### Task instructions
Look below for the lines from the one with "- \<gamma> /" to the one with "(* At the fixed", and copy exactly those lines, both ends included.

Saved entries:
▼

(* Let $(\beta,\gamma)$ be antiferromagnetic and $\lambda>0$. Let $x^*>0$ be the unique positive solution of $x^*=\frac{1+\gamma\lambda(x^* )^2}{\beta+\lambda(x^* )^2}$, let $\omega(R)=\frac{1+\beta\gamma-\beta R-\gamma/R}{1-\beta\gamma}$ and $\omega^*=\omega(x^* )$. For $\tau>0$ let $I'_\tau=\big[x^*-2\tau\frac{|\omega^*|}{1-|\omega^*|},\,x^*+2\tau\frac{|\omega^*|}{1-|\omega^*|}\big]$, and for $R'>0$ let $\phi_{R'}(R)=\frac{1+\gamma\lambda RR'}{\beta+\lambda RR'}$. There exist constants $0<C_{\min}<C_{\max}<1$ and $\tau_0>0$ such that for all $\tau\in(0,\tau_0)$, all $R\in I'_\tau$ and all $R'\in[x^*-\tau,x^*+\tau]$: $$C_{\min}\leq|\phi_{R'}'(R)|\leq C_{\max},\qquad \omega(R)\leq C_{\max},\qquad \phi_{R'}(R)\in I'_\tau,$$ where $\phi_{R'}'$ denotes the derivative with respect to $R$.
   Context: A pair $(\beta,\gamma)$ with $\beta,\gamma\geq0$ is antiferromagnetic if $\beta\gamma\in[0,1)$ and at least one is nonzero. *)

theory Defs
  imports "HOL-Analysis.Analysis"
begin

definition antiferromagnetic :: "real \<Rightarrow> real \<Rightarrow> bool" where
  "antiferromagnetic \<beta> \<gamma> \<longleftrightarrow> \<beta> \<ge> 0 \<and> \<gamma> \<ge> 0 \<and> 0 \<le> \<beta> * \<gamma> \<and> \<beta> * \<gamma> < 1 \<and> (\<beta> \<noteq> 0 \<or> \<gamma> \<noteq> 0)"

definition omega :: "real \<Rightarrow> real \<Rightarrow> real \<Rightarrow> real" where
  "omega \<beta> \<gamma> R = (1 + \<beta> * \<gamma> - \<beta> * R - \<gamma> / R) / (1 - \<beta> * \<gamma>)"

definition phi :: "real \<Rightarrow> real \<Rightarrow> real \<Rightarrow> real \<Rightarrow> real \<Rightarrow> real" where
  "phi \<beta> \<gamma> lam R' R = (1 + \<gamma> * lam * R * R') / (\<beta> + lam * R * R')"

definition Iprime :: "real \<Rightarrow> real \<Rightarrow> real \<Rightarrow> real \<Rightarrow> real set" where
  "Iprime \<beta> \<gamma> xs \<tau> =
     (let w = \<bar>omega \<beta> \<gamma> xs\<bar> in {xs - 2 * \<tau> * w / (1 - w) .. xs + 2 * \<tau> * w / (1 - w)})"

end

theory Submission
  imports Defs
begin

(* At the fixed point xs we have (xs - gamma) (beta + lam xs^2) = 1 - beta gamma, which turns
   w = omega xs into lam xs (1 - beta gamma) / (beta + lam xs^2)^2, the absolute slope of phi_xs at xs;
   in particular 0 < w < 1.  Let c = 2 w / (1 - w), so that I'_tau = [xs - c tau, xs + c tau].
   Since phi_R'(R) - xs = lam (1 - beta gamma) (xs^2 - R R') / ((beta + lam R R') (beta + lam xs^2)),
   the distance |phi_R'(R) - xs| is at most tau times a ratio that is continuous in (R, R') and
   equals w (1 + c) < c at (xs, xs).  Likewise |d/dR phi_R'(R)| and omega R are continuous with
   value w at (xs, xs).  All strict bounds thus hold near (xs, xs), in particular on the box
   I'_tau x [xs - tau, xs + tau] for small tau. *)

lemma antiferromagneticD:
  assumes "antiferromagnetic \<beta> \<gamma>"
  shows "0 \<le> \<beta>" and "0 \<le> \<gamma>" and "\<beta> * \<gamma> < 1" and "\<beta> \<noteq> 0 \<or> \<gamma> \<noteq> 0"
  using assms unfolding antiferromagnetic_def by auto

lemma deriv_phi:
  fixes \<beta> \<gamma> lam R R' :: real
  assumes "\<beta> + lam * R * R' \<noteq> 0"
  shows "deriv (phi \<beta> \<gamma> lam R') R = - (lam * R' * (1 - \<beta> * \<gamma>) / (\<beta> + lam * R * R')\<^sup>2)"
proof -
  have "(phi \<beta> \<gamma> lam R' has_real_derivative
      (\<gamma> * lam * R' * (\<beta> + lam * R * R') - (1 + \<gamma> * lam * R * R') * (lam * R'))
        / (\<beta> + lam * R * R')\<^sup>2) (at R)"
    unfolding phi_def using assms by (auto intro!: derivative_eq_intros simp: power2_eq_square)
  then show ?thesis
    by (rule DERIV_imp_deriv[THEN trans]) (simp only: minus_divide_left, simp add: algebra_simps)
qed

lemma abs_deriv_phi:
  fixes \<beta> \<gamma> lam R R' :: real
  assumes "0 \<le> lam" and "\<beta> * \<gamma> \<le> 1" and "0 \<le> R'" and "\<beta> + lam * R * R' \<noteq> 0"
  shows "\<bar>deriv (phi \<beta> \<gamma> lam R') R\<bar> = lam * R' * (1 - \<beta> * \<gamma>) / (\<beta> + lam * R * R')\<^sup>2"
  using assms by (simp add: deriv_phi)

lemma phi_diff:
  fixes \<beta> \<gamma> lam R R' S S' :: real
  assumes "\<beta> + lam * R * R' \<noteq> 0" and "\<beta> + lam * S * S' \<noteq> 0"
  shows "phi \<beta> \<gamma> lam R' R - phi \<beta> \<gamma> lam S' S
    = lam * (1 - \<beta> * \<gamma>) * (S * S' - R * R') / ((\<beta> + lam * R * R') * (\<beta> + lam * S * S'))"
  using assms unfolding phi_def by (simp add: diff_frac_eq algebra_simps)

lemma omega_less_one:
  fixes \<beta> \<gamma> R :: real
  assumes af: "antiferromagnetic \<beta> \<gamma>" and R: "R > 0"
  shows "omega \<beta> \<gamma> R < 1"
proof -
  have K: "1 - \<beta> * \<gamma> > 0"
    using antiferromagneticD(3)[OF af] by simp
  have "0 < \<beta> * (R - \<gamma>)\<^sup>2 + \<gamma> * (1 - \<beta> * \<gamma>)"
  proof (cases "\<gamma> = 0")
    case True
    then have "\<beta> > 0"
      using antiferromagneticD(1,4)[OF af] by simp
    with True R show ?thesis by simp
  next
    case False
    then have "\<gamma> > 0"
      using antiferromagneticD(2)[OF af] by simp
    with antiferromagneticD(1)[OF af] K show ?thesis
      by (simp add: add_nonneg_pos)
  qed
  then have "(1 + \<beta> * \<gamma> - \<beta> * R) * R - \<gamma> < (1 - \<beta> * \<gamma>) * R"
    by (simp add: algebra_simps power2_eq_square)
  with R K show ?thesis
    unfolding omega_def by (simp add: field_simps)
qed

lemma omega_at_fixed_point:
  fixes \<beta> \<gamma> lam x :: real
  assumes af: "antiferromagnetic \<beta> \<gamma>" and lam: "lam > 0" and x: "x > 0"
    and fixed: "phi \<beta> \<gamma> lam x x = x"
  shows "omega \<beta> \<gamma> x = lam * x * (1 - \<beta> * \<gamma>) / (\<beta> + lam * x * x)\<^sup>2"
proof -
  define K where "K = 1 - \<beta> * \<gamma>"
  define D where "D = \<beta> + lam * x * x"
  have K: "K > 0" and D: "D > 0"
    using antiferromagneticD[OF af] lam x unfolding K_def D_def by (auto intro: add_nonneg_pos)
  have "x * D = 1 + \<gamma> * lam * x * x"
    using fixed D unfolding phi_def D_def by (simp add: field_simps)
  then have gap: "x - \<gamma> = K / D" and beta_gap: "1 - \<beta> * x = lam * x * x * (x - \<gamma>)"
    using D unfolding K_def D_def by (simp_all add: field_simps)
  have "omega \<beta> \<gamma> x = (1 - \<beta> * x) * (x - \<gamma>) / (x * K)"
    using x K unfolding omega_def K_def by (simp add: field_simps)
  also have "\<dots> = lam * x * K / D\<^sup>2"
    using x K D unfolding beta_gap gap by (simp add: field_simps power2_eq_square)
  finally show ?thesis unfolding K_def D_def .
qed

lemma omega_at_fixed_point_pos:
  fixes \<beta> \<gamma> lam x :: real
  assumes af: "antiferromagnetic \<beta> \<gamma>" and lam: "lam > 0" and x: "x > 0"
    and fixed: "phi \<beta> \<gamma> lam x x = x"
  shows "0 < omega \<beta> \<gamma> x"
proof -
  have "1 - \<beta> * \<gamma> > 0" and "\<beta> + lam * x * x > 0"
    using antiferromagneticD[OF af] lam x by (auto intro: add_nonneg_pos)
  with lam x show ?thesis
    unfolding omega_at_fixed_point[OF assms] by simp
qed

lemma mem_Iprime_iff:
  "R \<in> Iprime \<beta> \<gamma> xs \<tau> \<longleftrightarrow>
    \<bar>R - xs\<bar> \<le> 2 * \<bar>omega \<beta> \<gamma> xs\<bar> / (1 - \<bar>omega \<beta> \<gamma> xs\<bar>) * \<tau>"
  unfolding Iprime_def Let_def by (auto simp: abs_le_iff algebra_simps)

▲

### Written answer
  "omega \<beta> \<gamma> R = (1 + \<beta> * \<gamma> - \<beta> * R - \<gamma> / R) / (1 - \<beta> * \<gamma>)"

definition phi :: "real \<Rightarrow> real \<Rightarrow> real \<Rightarrow> real \<Rightarrow> real \<Rightarrow> real" where
  "phi \<beta> \<gamma> lam R' R = (1 + \<gamma> * lam * R * R') / (\<beta> + lam * R * R')"

definition Iprime :: "real \<Rightarrow> real \<Rightarrow> real \<Rightarrow> real \<Rightarrow> real set" where
  "Iprime \<beta> \<gamma> xs \<tau> =
     (let w = \<bar>omega \<beta> \<gamma> xs\<bar> in {xs - 2 * \<tau> * w / (1 - w) .. xs + 2 * \<tau> * w / (1 - w)})"

end

theory Submission
  imports Defs
begin

(* At the fixed point xs we have (xs - gamma) (beta + lam xs^2) = 1 - beta gamma, which turns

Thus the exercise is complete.